[[ Information, beginning ]]

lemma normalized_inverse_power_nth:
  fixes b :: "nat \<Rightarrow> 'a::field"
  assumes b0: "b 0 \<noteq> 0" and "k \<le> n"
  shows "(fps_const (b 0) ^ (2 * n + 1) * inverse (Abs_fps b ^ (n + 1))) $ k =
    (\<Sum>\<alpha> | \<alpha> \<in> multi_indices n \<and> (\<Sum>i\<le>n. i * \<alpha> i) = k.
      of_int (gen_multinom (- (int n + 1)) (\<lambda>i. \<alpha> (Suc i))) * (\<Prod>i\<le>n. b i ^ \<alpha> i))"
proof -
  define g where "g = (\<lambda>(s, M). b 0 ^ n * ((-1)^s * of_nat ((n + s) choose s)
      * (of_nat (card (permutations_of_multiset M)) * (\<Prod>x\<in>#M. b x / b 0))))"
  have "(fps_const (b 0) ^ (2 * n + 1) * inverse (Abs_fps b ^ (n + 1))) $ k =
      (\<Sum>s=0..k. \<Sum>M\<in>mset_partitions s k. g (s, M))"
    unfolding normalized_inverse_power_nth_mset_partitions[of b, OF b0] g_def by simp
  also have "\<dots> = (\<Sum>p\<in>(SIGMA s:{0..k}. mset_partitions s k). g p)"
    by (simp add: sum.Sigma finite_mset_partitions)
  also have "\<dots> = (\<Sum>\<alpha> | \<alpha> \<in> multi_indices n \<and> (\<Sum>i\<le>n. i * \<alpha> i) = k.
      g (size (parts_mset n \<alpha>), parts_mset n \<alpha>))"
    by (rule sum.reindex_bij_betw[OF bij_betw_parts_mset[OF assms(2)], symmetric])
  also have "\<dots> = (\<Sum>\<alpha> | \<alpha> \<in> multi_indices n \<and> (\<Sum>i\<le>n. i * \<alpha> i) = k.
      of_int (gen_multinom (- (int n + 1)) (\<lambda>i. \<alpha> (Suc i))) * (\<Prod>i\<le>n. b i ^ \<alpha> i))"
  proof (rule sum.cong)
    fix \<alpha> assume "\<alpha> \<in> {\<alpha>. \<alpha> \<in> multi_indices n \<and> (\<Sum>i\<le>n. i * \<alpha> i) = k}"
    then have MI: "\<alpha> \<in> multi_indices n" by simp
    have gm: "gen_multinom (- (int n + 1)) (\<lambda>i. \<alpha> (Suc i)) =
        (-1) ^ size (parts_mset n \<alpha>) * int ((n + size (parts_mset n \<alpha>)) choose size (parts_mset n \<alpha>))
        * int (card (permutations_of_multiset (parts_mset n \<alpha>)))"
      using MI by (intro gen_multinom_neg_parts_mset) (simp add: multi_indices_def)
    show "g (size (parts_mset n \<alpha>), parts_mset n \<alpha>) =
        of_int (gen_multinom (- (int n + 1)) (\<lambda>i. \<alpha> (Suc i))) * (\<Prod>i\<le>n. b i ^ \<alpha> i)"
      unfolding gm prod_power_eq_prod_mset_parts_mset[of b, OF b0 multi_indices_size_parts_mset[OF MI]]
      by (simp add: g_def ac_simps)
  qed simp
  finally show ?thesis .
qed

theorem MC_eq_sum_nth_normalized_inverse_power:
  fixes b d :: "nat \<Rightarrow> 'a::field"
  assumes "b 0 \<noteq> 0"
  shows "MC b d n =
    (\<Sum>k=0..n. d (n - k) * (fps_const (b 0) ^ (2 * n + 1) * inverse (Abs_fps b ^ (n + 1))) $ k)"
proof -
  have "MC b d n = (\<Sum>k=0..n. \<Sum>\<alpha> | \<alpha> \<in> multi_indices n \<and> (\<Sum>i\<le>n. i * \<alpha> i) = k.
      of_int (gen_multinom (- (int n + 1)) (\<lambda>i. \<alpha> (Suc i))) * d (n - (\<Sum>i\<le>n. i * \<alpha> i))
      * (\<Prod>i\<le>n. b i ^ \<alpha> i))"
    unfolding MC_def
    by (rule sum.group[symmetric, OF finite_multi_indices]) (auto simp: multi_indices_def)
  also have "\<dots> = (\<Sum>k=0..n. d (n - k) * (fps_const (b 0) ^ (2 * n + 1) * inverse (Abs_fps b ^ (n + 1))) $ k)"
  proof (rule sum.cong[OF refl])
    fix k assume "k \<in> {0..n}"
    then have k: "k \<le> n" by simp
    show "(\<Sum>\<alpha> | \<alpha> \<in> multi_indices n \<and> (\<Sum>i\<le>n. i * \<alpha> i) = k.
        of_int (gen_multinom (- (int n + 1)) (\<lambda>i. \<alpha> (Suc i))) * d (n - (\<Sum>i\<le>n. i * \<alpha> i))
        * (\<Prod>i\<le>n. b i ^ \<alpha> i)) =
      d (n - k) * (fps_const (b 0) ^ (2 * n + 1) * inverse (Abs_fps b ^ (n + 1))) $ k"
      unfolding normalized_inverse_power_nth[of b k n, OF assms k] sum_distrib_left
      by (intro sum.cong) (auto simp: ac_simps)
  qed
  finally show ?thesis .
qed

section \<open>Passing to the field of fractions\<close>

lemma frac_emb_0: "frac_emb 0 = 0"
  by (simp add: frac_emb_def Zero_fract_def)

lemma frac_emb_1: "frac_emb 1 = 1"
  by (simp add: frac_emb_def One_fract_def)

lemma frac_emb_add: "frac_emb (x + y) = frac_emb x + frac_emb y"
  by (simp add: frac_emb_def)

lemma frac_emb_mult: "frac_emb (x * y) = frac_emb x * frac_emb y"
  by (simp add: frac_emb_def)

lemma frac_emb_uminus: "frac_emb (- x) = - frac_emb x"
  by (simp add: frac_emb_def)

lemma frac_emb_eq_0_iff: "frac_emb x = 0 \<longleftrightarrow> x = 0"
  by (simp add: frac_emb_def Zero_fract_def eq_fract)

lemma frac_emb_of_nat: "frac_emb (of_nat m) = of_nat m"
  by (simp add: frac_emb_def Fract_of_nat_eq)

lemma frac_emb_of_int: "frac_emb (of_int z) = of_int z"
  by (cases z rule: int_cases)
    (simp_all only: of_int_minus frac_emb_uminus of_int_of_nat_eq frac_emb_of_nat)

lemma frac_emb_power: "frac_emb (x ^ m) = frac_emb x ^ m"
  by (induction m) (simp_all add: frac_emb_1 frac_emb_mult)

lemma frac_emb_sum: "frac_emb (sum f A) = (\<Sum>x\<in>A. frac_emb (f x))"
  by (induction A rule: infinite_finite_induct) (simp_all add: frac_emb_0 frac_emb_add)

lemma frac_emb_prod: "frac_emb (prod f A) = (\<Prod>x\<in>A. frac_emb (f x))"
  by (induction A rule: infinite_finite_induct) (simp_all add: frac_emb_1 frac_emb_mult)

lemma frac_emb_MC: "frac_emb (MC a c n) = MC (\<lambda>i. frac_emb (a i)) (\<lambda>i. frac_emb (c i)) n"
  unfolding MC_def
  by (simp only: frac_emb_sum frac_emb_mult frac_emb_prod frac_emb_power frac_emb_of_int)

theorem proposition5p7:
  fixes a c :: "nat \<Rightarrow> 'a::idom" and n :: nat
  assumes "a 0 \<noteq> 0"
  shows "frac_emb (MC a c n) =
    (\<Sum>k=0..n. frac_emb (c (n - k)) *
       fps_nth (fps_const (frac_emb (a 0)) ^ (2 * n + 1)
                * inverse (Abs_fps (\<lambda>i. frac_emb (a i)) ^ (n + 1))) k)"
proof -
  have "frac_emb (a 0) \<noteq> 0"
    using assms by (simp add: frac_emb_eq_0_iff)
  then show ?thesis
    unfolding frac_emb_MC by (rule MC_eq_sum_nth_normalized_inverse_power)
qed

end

[[ Information, end ]]

▸ Task
In the records, how many lines hold the word "induction"? Answer with the number and no other words.

▸ Exercise result
3